Moments earlier on that Friday night, March 20, Utter, who lived next to Bowen on the second floor of a Frankford apartment building, said she heard "some yelling" in Bowen's apartment and "a female voice say, 'Help me!' "

She then "heard a couple of bangs, like things being thrown. Then, I heard a thud."

A short time later, Bowen knocked on her door.

"Jeffrey came to my door asking for a condom," Utter testified at Bowen's preliminary hearing on murder and related charges.

"He said he was fighting with his girlfriend, and he wanted to have makeup sex," Utter said.

Utter said she went to get him a condom, and when she returned to her door to give it to him, he had taken off gloves from his hands, which had blood on them.

She didn't call police.
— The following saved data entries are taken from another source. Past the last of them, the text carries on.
lemma homogeneous_in_Gr_iff:
  assumes "a \<in> hset Rg"
  shows "a \<in> Gr Rg I \<longleftrightarrow> a \<in> rad I"
proof -
  obtain g where "a \<in> Rg g" using assms by (auto simp: hset_iff)
  then show ?thesis
    using rad_zero by (auto simp: Gr_iff hom_comp_homogeneous[OF graded_ring_decomp] dest: spec[of _ g])
qed

lemma homogeneous_power_in_Gr:
  assumes "a \<in> hset Rg" "n > 0" "a ^ n \<in> Gr Rg I"
  shows "a \<in> Gr Rg I"
  using assms mem_rad_of_power[of n a I] hset_power[OF assms(1,2)] by (simp add: homogeneous_in_Gr_iff)

lemma Gr_zero: "0 \<in> Gr Rg I"
  unfolding Gr_iff hom_comp_zero[OF graded_ring_decomp] using rad_zero by simp

lemma Gr_add: "x \<in> Gr Rg I \<Longrightarrow> y \<in> Gr Rg I \<Longrightarrow> x + y \<in> Gr Rg I"
  unfolding Gr_iff hom_comp_add[OF graded_ring_decomp] by (simp add: rad_add[OF ideal])

lemma Gr_sum: "(\<And>i. i \<in> S \<Longrightarrow> f i \<in> Gr Rg I) \<Longrightarrow> sum f S \<in> Gr Rg I"
  by (induction S rule: infinite_finite_induct) (auto simp: Gr_zero Gr_add)

lemma Gr_mult:
  assumes x: "x \<in> Gr Rg I"
  shows "r * x \<in> Gr Rg I"
proof -
  let ?x = "hom_comp Rg x" and ?r = "hom_comp Rg r"
  have "r * x = (\<Sum>h\<in>{h. ?r h \<noteq> 0}. \<Sum>g\<in>{g. ?x g \<noteq> 0}. ?r h * ?x g)"
    unfolding sum_product[symmetric] by (simp add: sum_hom_comp[OF graded_ring_decomp])
  also have "\<dots> \<in> Gr Rg I"
  proof (intro Gr_sum)
    fix g h
    have "?r h * ?x g \<in> Rg (h + g)"
      by (intro graded_ring_mult hom_comp_in graded_ring_decomp)
    then have "?r h * ?x g \<in> hset Rg" by (auto simp: hset_iff)
    moreover have "?r h * ?x g \<in> rad I" using x rad_mult[OF ideal] by (simp add: Gr_iff)
    ultimately show "?r h * ?x g \<in> Gr Rg I" by (simp add: homogeneous_in_Gr_iff)
  qed
  finally show ?thesis .
qed

lemma gr_ideal_Gr: "gr_ideal Rg (Gr Rg I)"
proof -
  have "hom_comp Rg x g \<in> Gr Rg I" if "x \<in> Gr Rg I" for x g
  proof -
    have "hom_comp Rg x g \<in> hset Rg" using hom_comp_in[OF graded_ring_decomp] by (auto simp: hset_iff)
    then show ?thesis using that Gr_iff[of x] homogeneous_in_Gr_iff by blast
  qed
  then show ?thesis
    unfolding gr_ideal_def is_ideal_def graded_subset_iff[OF graded_ring_decomp]
    by (simp add: Gr_zero Gr_add Gr_mult)
qed

end

lemma subset_Gr:
  assumes "graded_subset Rg I"
  shows "I \<subseteq> Gr Rg I"
proof
  fix x assume "x \<in> I"
  then have "hom_comp Rg x g \<in> I" for g
    using assms by (simp add: graded_subset_iff[OF graded_ring_decomp])
  then show "x \<in> Gr Rg I" using subset_rad by (auto simp: Gr_iff)
qed

context
  fixes p :: "'a set"
  assumes prime: "gr_prime_ideal Rg p"
begin

lemma gr_prime_ideal_is_ideal: "is_ideal p"
  using prime by (simp add: gr_prime_ideal_def gr_ideal_def)

lemma homogeneous_rad_gr_prime_ideal:
  assumes a: "a \<in> hset Rg" and "a \<in> rad p"
  shows "a \<in> p"
proof -
  have "a ^ Suc n \<in> p \<Longrightarrow> a \<in> p" for n
  proof (induction n)
    case (Suc n)
    have "a * a ^ Suc n \<in> p" using Suc.prems by simp
    moreover have "a ^ Suc n \<in> hset Rg" using hset_power[OF a, of "Suc n"] by simp
    ultimately have "a \<in> p \<or> a ^ Suc n \<in> p"
      using prime a unfolding gr_prime_ideal_def by blast
    then show ?case using Suc.IH by blast
  qed simp
  moreover obtain n where "n > 0" "a ^ n \<in> p" using \<open>a \<in> rad p\<close> unfolding rad_def by blast
  ultimately show ?thesis by (cases n) auto
qed

lemma Gr_gr_prime_ideal: "Gr Rg p = p"
proof
  show "p \<subseteq> Gr Rg p"
    using prime by (simp add: subset_Gr gr_prime_ideal_def gr_ideal_def)
  show "Gr Rg p \<subseteq> p"
  proof
    fix x assume "x \<in> Gr Rg p"
    then have "hom_comp Rg x g \<in> p" for g
    proof (intro homogeneous_rad_gr_prime_ideal)
      show "hom_comp Rg x g \<in> hset Rg"
        using hom_comp_in[OF graded_ring_decomp] by (auto simp: hset_iff)
    qed (simp add: Gr_iff)
    then show "x \<in> p" by (rule is_ideal_hom_comps_imp[OF gr_prime_ideal_is_ideal])
  qed
qed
When asked by Assistant District Attorney Joanne Pescatore if she thought it was unusual that Bowen knocked on her door with blood on him, Utter said: "People fight every day. Maybe they both had blood. I don't know."

Bowen, 30, is accused of stabbing to death Kelly Hepfl, 39, inside the apartment where he was staying, on Frankford Avenue near Foulkrod Street, then burying her in the back yard of the apartment building in March.

Police Officer Tiffany Richardson, of the Crime Scene Unit, testified that in the early morning of March 24, she and other cops went to investigate "an area of disturbed dirt" in the back yard of the apartment building.

What did she see?

"Some toes that were sticking out of the dirt," Richardson testified.

After taking photos, cops dug and found a woman's body in trash bags buried under the dirt.

Pescatore said Hepfl - the woman buried in the yard - had about 40 stab wounds to her head, face, neck, chest and back.

Richardson showed Municipal Judge Jacquelyn Frazier-Lyde a photo of a knife recovered inside a hallway of the apartment building. She said it had an 11-inch-long blade and was about 2 to 3 inches wide. A shovel was also found in the hallway, she said.

In Bowen's bathroom, she said, she saw what appeared to be blood splattered over two walls, a lot of blood on the side of the sink, and bloodstains on the floor.

Utter, Bowen's next-door neighbor, testified that on the day after he asked for the condom, she saw Bowen in passing outside their apartments. He was wearing a woman's puffy silver coat and a woman's pajama pants.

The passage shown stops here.